Never Trust isContract: The Constructor Bypass

A common requirement in smart contract development is to restrict interactions to human users (Externally Owned Accounts, or EOAs) and ban other smart contracts. This is often done to prevent botting in NFT mints, block flashloan attacks, or simplify governance.
The standard tool for this job is checking the code size of the calling address. If the code size is greater than zero, it's a contract. If it's zero, it's an EOA.
This assumption is dangerously flawed. Relying on this check for security is a fundamental architectural error that advanced attackers routinely exploit.

The Illusion of the "Code Size" Check

The typical implementation looks like this, using inline assembly to query the Ethereum Virtual Machine (EVM):
// VULNERABLE: Do not use for security
function isContract(address account) internal view returns (bool) {
uint256 size;
assembly {
size := extcodesize(account)
}
return size > 0;
}
A developer might use this in a minting function: require(!isContract(msg.sender), "No bots allowed");.
This seems logical. An EOA has no code, so its size is 0. A deployed smart contract has code, so its size is > 0. The logic holds for deployed contracts.

The Constructor Exploit

The vulnerability lies in the lifecycle of an Ethereum smart contract.
When a contract is being deployed, its constructor function is executed. During this specific execution phase, the contract's runtime bytecode has not yet been stored on the blockchain.
At this precise moment, extcodesize(address(this)) returns 0.
An attacker can easily bypass your "EOA only" check by wrapping their attack logic inside the constructor of a malicious contract.
  1. Attacker writes a contract: The constructor calls your vulnerable function (e.g., the NFT mint).
  2. Attacker deploys the contract: The constructor executes.
  3. Your contract checks isContract: It sees the caller has a code size of 0 and allows the transaction to proceed, believing it's a human user.
  4. Attack succeeds: The malicious contract executes the restricted action.
  5. Deployment finishes: The code is stored, and only now does the address have a code size > 0. Too late.

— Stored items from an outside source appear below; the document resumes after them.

definition BL_algebra ::
  "'a set \<Rightarrow> ('a \<Rightarrow> 'a \<Rightarrow> 'a) \<Rightarrow> ('a \<Rightarrow> 'a \<Rightarrow> 'a) \<Rightarrow> ('a \<Rightarrow> 'a \<Rightarrow> 'a)
    \<Rightarrow> ('a \<Rightarrow> 'a \<Rightarrow> 'a) \<Rightarrow> 'a \<Rightarrow> 'a \<Rightarrow> bool" where
  "BL_algebra A mult imp meet join zero one \<longleftrightarrow>
     zero \<in> A \<and> one \<in> A \<and>
     (\<forall>x\<in>A. \<forall>y\<in>A. mult x y \<in> A \<and> imp x y \<in> A \<and> meet x y \<in> A \<and> join x y \<in> A) \<and>
     \<comment> \<open>bounded lattice\<close>
     (\<forall>x\<in>A. \<forall>y\<in>A. \<forall>z\<in>A. meet (meet x y) z = meet x (meet y z) \<and> join (join x y) z = join x (join y z)) \<and>
     (\<forall>x\<in>A. \<forall>y\<in>A. meet x y = meet y x \<and> join x y = join y x) \<and>
     (\<forall>x\<in>A. \<forall>y\<in>A. meet x (join x y) = x \<and> join x (meet x y) = x) \<and>
     (\<forall>x\<in>A. meet zero x = zero \<and> meet x one = x) \<and>
     \<comment> \<open>commutative monoid\<close>
     (\<forall>x\<in>A. \<forall>y\<in>A. \<forall>z\<in>A. mult (mult x y) z = mult x (mult y z)) \<and>
     (\<forall>x\<in>A. \<forall>y\<in>A. mult x y = mult y x) \<and>
     (\<forall>x\<in>A. mult x one = x) \<and>
     \<comment> \<open>residuation\<close>
     (\<forall>x\<in>A. \<forall>y\<in>A. \<forall>z\<in>A. bl_le meet (mult x y) z \<longleftrightarrow> bl_le meet x (imp y z)) \<and>
     \<comment> \<open>divisibility and prelinearity\<close>
     (\<forall>x\<in>A. \<forall>y\<in>A. meet x y = mult x (imp x y)) \<and>
     (\<forall>x\<in>A. \<forall>y\<in>A. join (imp x y) (imp y x) = one)"

definition BL_chain ::
  "'a set \<Rightarrow> ('a \<Rightarrow> 'a \<Rightarrow> 'a) \<Rightarrow> ('a \<Rightarrow> 'a \<Rightarrow> 'a) \<Rightarrow> ('a \<Rightarrow> 'a \<Rightarrow> 'a)
    \<Rightarrow> ('a \<Rightarrow> 'a \<Rightarrow> 'a) \<Rightarrow> 'a \<Rightarrow> 'a \<Rightarrow> bool" where
  "BL_chain A mult imp meet join zero one \<longleftrightarrow>
     BL_algebra A mult imp meet join zero one \<and>
     (\<forall>x\<in>A. \<forall>y\<in>A. bl_le meet x y \<or> bl_le meet y x)"

definition hoop :: "'a set \<Rightarrow> ('a \<Rightarrow> 'a \<Rightarrow> 'a) \<Rightarrow> ('a \<Rightarrow> 'a \<Rightarrow> 'a) \<Rightarrow> 'a \<Rightarrow> bool" where
  "hoop H mult imp one \<longleftrightarrow>
     one \<in> H \<and>
     (\<forall>x\<in>H. \<forall>y\<in>H. mult x y \<in> H \<and> imp x y \<in> H) \<and>
     (\<forall>x\<in>H. \<forall>y\<in>H. \<forall>z\<in>H. mult (mult x y) z = mult x (mult y z)) \<and>
     (\<forall>x\<in>H. \<forall>y\<in>H. mult x y = mult y x) \<and>
     (\<forall>x\<in>H. mult x one = x) \<and>
     (\<forall>x\<in>H. imp x x = one) \<and>
     (\<forall>x\<in>H. \<forall>y\<in>H. mult x (imp x y) = mult y (imp y x)) \<and>
     (\<forall>x\<in>H. \<forall>y\<in>H. \<forall>z\<in>H. imp x (imp y z) = imp (mult x y) z)"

The Solution: Acknowledge the Limitation

There is no foolproof way to distinguish an EOA from a contract that is currently in its constructor phase using only on-chain data.
If you absolutely must restrict calls to EOAs, the only reliable check is: require(msg.sender == tx.origin, "Contracts not allowed");
This ensures the direct caller (msg.sender) is the same account that initiated the transaction (tx.origin), which must be an EOA.
Warning: Using tx.origin for authentication is generally discouraged because it makes your contract vulnerable to phishing attacks. A user could be tricked into calling a malicious contract that then calls yours, passing the tx.origincheck.
Conclusion: Do not rely on isContract or code size checks for any security-critical logic. Assume any address could be a contract executing from its constructor. Design your protocol to be robust against contract interactions, rather than trying to futilely ban them.